(WORK ORDER):
Reproduce every record below exactly as it appears.

[Records from a data collection]
lemma sum_td_square_le: "(\<Sum>t=1..N. (\<psi> t \<bullet> y)^2) \<le> 2 * real N * (y \<bullet> (A *v y))"
proof -
  define a where "a t = \<phi> (s t) \<bullet> y" for t
  have \<psi>_a: "\<psi> t \<bullet> y = a t - \<gamma> * a (t+1)" for t
    by (simp add: a_def inner_diff_left)
  have "real N * (y \<bullet> (A *v y)) = (\<Sum>t=1..N. (a t - \<gamma> * a (t+1)) * a t)"
    using N_pos by (simp add: A_d_mult_vec inner_sum_right \<psi>_a) (simp add: a_def inner_commute algebra_simps)
  moreover have "a (N+1) = a 1"
    unfolding a_def balanced ..
  ultimately show ?thesis
    unfolding \<psi>_a using cyclic_td_square_sum_le[of a N \<gamma>] discount_nonneg discount_less_1 by simp
qed

lemma sum_power2_norm_td_term_le:
  "(\<Sum>t=1..N. (norm ((\<psi> t \<bullet> y) *\<^sub>R \<phi> (s t)))^2) \<le> 2 * real N * (y \<bullet> (A *v y))"
proof -
  have "(norm ((\<psi> t \<bullet> y) *\<^sub>R \<phi> (s t)))^2 \<le> (\<psi> t \<bullet> y)^2" for t
    using norm_feature_le_1[of "s t"]
    by (simp add: power_mult_distrib mult_left_le power_le_one)
  then have "(\<Sum>t=1..N. (norm ((\<psi> t \<bullet> y) *\<^sub>R \<phi> (s t)))^2) \<le> (\<Sum>t=1..N. (\<psi> t \<bullet> y)^2)"
    by (rule sum_mono)
  also have "\<dots> \<le> 2 * real N * (y \<bullet> (A *v y))"
    by (rule sum_td_square_le)
  finally show ?thesis .
qed

lemma svrg_update_minus_theta_star:
  "\<theta> + (1/8) *\<^sub>R (td_g \<phi> r \<gamma> (s i) (s (i+1)) \<theta> - td_g \<phi> r \<gamma> (s i) (s (i+1)) tt + g_bar \<phi> r \<gamma> s N tt)
     - \<theta>star
   = (\<theta> - \<theta>star) + (1/8) *\<^sub>R (((\<psi> i \<bullet> (tt - \<theta>star)) *\<^sub>R \<phi> (s i) - A *v (tt - \<theta>star))
                               - (\<psi> i \<bullet> (\<theta> - \<theta>star)) *\<^sub>R \<phi> (s i))"
proof -
  have g_bar: "g_bar \<phi> r \<gamma> s N tt = - (A *v (tt - \<theta>star))"
    using A_d_theta_star[OF invertible_A_d]
    by (simp add: g_bar_eq matrix_vector_mult_diff_distrib)
  show ?thesis
    unfolding g_bar by (simp add: td_g_eq algebra_simps)
qed

lemma sum_power2_norm_svrg_update_le:
  "(\<Sum>i=1..N. (norm (x + (1/8) *\<^sub>R (((\<psi> i \<bullet> z) *\<^sub>R \<phi> (s i) - A *v z) - (\<psi> i \<bullet> x) *\<^sub>R \<phi> (s i))))^2)
     \<le> real N * ((norm x)^2 - 3/16 * (x \<bullet> (A *v x)) + 1/16 * (z \<bullet> (A *v z)))"
proof -
  define u where "u i = (\<psi> i \<bullet> x) *\<^sub>R \<phi> (s i)" for i
  define w where "w i = (\<psi> i \<bullet> z) *\<^sub>R \<phi> (s i) - A *v z" for i
  have sum_A: "(\<Sum>i=1..N. (\<psi> i \<bullet> y) *\<^sub>R \<phi> (s i)) = real N *\<^sub>R (A *v y)" for y
    using N_pos by (simp add: A_d_mult_vec)
  have sum_u: "(\<Sum>i=1..N. x \<bullet> u i) = real N * (x \<bullet> (A *v x))"
    unfolding inner_sum_right[symmetric] u_def sum_A by simp
  \<comment> \<open>the control variate \<open>w\<close> has mean zero\<close>
  have "(\<Sum>i=1..N. x \<bullet> w i) = x \<bullet> (\<Sum>i=1..N. (\<psi> i \<bullet> z) *\<^sub>R \<phi> (s i)) - real N * (x \<bullet> (A *v z))"
    by (simp add: w_def inner_diff_right sum_subtractf inner_sum_right)
  then have sum_w: "(\<Sum>i=1..N. x \<bullet> w i) = 0"
    unfolding sum_A by simp
  have sq_u: "(\<Sum>i=1..N. (norm (u i))^2) \<le> 2 * (real N * (x \<bullet> (A *v x)))"
    using sum_power2_norm_td_term_le[of x] by (simp add: u_def)
  have "(\<Sum>i=1..N. (norm (w i))^2) \<le> (\<Sum>i=1..N. (norm ((\<psi> i \<bullet> z) *\<^sub>R \<phi> (s i)))^2)"
    using sum_power2_norm_diff_mean[of "\<lambda>i. (\<psi> i \<bullet> z) *\<^sub>R \<phi> (s i)" "{1..N}" "A *v z"] sum_A[of z]
    by (simp add: w_def)
  then have sq_w: "(\<Sum>i=1..N. (norm (w i))^2) \<le> 2 * (real N * (z \<bullet> (A *v z)))"
    using sum_power2_norm_td_term_le[of z] by simp
  have "(\<Sum>i=1..N. (norm (x + (1/8) *\<^sub>R (w i - u i)))^2)
      \<le> (\<Sum>i=1..N. (norm x)^2 + 1/4 * (x \<bullet> w i - x \<bullet> u i) + 1/32 * ((norm (u i))^2 + (norm (w i))^2))"
    by (intro sum_mono power2_norm_svrg_update_le)
  also have "\<dots> = real N * (norm x)^2 + 1/4 * ((\<Sum>i=1..N. x \<bullet> w i) - (\<Sum>i=1..N. x \<bullet> u i))
      + 1/32 * ((\<Sum>i=1..N. (norm (u i))^2) + (\<Sum>i=1..N. (norm (w i))^2))"
    by (simp add: sum.distrib sum_subtractf sum_distrib_left sum_divide_distrib[symmetric])
  also have "\<dots> \<le> real N * ((norm x)^2 - 3/16 * (x \<bullet> (A *v x)) + 1/16 * (z \<bullet> (A *v z)))"
    unfolding sum_u sum_w using sq_u sq_w by (simp add: algebra_simps)
  finally show ?thesis
    by (simp add: u_def w_def)
qed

(WORKED SOLUTION):
lemma sum_td_square_le: "(\<Sum>t=1..N. (\<psi> t \<bullet> y)^2) \<le> 2 * real N * (y \<bullet> (A *v y))"
proof -
  define a where "a t = \<phi> (s t) \<bullet> y" for t
  have \<psi>_a: "\<psi> t \<bullet> y = a t - \<gamma> * a (t+1)" for t
    by (simp add: a_def inner_diff_left)
  have "real N * (y \<bullet> (A *v y)) = (\<Sum>t=1..N. (a t - \<gamma> * a (t+1)) * a t)"
    using N_pos by (simp add: A_d_mult_vec inner_sum_right \<psi>_a) (simp add: a_def inner_commute algebra_simps)
  moreover have "a (N+1) = a 1"
    unfolding a_def balanced ..
  ultimately show ?thesis
    unfolding \<psi>_a using cyclic_td_square_sum_le[of a N \<gamma>] discount_nonneg discount_less_1 by simp
qed

lemma sum_power2_norm_td_term_le:
  "(\<Sum>t=1..N. (norm ((\<psi> t \<bullet> y) *\<^sub>R \<phi> (s t)))^2) \<le> 2 * real N * (y \<bullet> (A *v y))"
proof -
  have "(norm ((\<psi> t \<bullet> y) *\<^sub>R \<phi> (s t)))^2 \<le> (\<psi> t \<bullet> y)^2" for t
    using norm_feature_le_1[of "s t"]
    by (simp add: power_mult_distrib mult_left_le power_le_one)
  then have "(\<Sum>t=1..N. (norm ((\<psi> t \<bullet> y) *\<^sub>R \<phi> (s t)))^2) \<le> (\<Sum>t=1..N. (\<psi> t \<bullet> y)^2)"
    by (rule sum_mono)
  also have "\<dots> \<le> 2 * real N * (y \<bullet> (A *v y))"
    by (rule sum_td_square_le)
  finally show ?thesis .
qed

lemma svrg_update_minus_theta_star:
  "\<theta> + (1/8) *\<^sub>R (td_g \<phi> r \<gamma> (s i) (s (i+1)) \<theta> - td_g \<phi> r \<gamma> (s i) (s (i+1)) tt + g_bar \<phi> r \<gamma> s N tt)
     - \<theta>star
   = (\<theta> - \<theta>star) + (1/8) *\<^sub>R (((\<psi> i \<bullet> (tt - \<theta>star)) *\<^sub>R \<phi> (s i) - A *v (tt - \<theta>star))
                               - (\<psi> i \<bullet> (\<theta> - \<theta>star)) *\<^sub>R \<phi> (s i))"
proof -
  have g_bar: "g_bar \<phi> r \<gamma> s N tt = - (A *v (tt - \<theta>star))"
    using A_d_theta_star[OF invertible_A_d]
    by (simp add: g_bar_eq matrix_vector_mult_diff_distrib)
  show ?thesis
    unfolding g_bar by (simp add: td_g_eq algebra_simps)
qed

lemma sum_power2_norm_svrg_update_le:
  "(\<Sum>i=1..N. (norm (x + (1/8) *\<^sub>R (((\<psi> i \<bullet> z) *\<^sub>R \<phi> (s i) - A *v z) - (\<psi> i \<bullet> x) *\<^sub>R \<phi> (s i))))^2)
     \<le> real N * ((norm x)^2 - 3/16 * (x \<bullet> (A *v x)) + 1/16 * (z \<bullet> (A *v z)))"
proof -
  define u where "u i = (\<psi> i \<bullet> x) *\<^sub>R \<phi> (s i)" for i
  define w where "w i = (\<psi> i \<bullet> z) *\<^sub>R \<phi> (s i) - A *v z" for i
  have sum_A: "(\<Sum>i=1..N. (\<psi> i \<bullet> y) *\<^sub>R \<phi> (s i)) = real N *\<^sub>R (A *v y)" for y
    using N_pos by (simp add: A_d_mult_vec)
  have sum_u: "(\<Sum>i=1..N. x \<bullet> u i) = real N * (x \<bullet> (A *v x))"
    unfolding inner_sum_right[symmetric] u_def sum_A by simp
  \<comment> \<open>the control variate \<open>w\<close> has mean zero\<close>
  have "(\<Sum>i=1..N. x \<bullet> w i) = x \<bullet> (\<Sum>i=1..N. (\<psi> i \<bullet> z) *\<^sub>R \<phi> (s i)) - real N * (x \<bullet> (A *v z))"
    by (simp add: w_def inner_diff_right sum_subtractf inner_sum_right)
  then have sum_w: "(\<Sum>i=1..N. x \<bullet> w i) = 0"
    unfolding sum_A by simp
  have sq_u: "(\<Sum>i=1..N. (norm (u i))^2) \<le> 2 * (real N * (x \<bullet> (A *v x)))"
    using sum_power2_norm_td_term_le[of x] by (simp add: u_def)
  have "(\<Sum>i=1..N. (norm (w i))^2) \<le> (\<Sum>i=1..N. (norm ((\<psi> i \<bullet> z) *\<^sub>R \<phi> (s i)))^2)"
    using sum_power2_norm_diff_mean[of "\<lambda>i. (\<psi> i \<bullet> z) *\<^sub>R \<phi> (s i)" "{1..N}" "A *v z"] sum_A[of z]
    by (simp add: w_def)
  then have sq_w: "(\<Sum>i=1..N. (norm (w i))^2) \<le> 2 * (real N * (z \<bullet> (A *v z)))"
    using sum_power2_norm_td_term_le[of z] by simp
  have "(\<Sum>i=1..N. (norm (x + (1/8) *\<^sub>R (w i - u i)))^2)
      \<le> (\<Sum>i=1..N. (norm x)^2 + 1/4 * (x \<bullet> w i - x \<bullet> u i) + 1/32 * ((norm (u i))^2 + (norm (w i))^2))"
    by (intro sum_mono power2_norm_svrg_update_le)
  also have "\<dots> = real N * (norm x)^2 + 1/4 * ((\<Sum>i=1..N. x \<bullet> w i) - (\<Sum>i=1..N. x \<bullet> u i))
      + 1/32 * ((\<Sum>i=1..N. (norm (u i))^2) + (\<Sum>i=1..N. (norm (w i))^2))"
    by (simp add: sum.distrib sum_subtractf sum_distrib_left sum_divide_distrib[symmetric])
  also have "\<dots> \<le> real N * ((norm x)^2 - 3/16 * (x \<bullet> (A *v x)) + 1/16 * (z \<bullet> (A *v z)))"
    unfolding sum_u sum_w using sq_u sq_w by (simp add: algebra_simps)
  finally show ?thesis
    by (simp add: u_def w_def)
qed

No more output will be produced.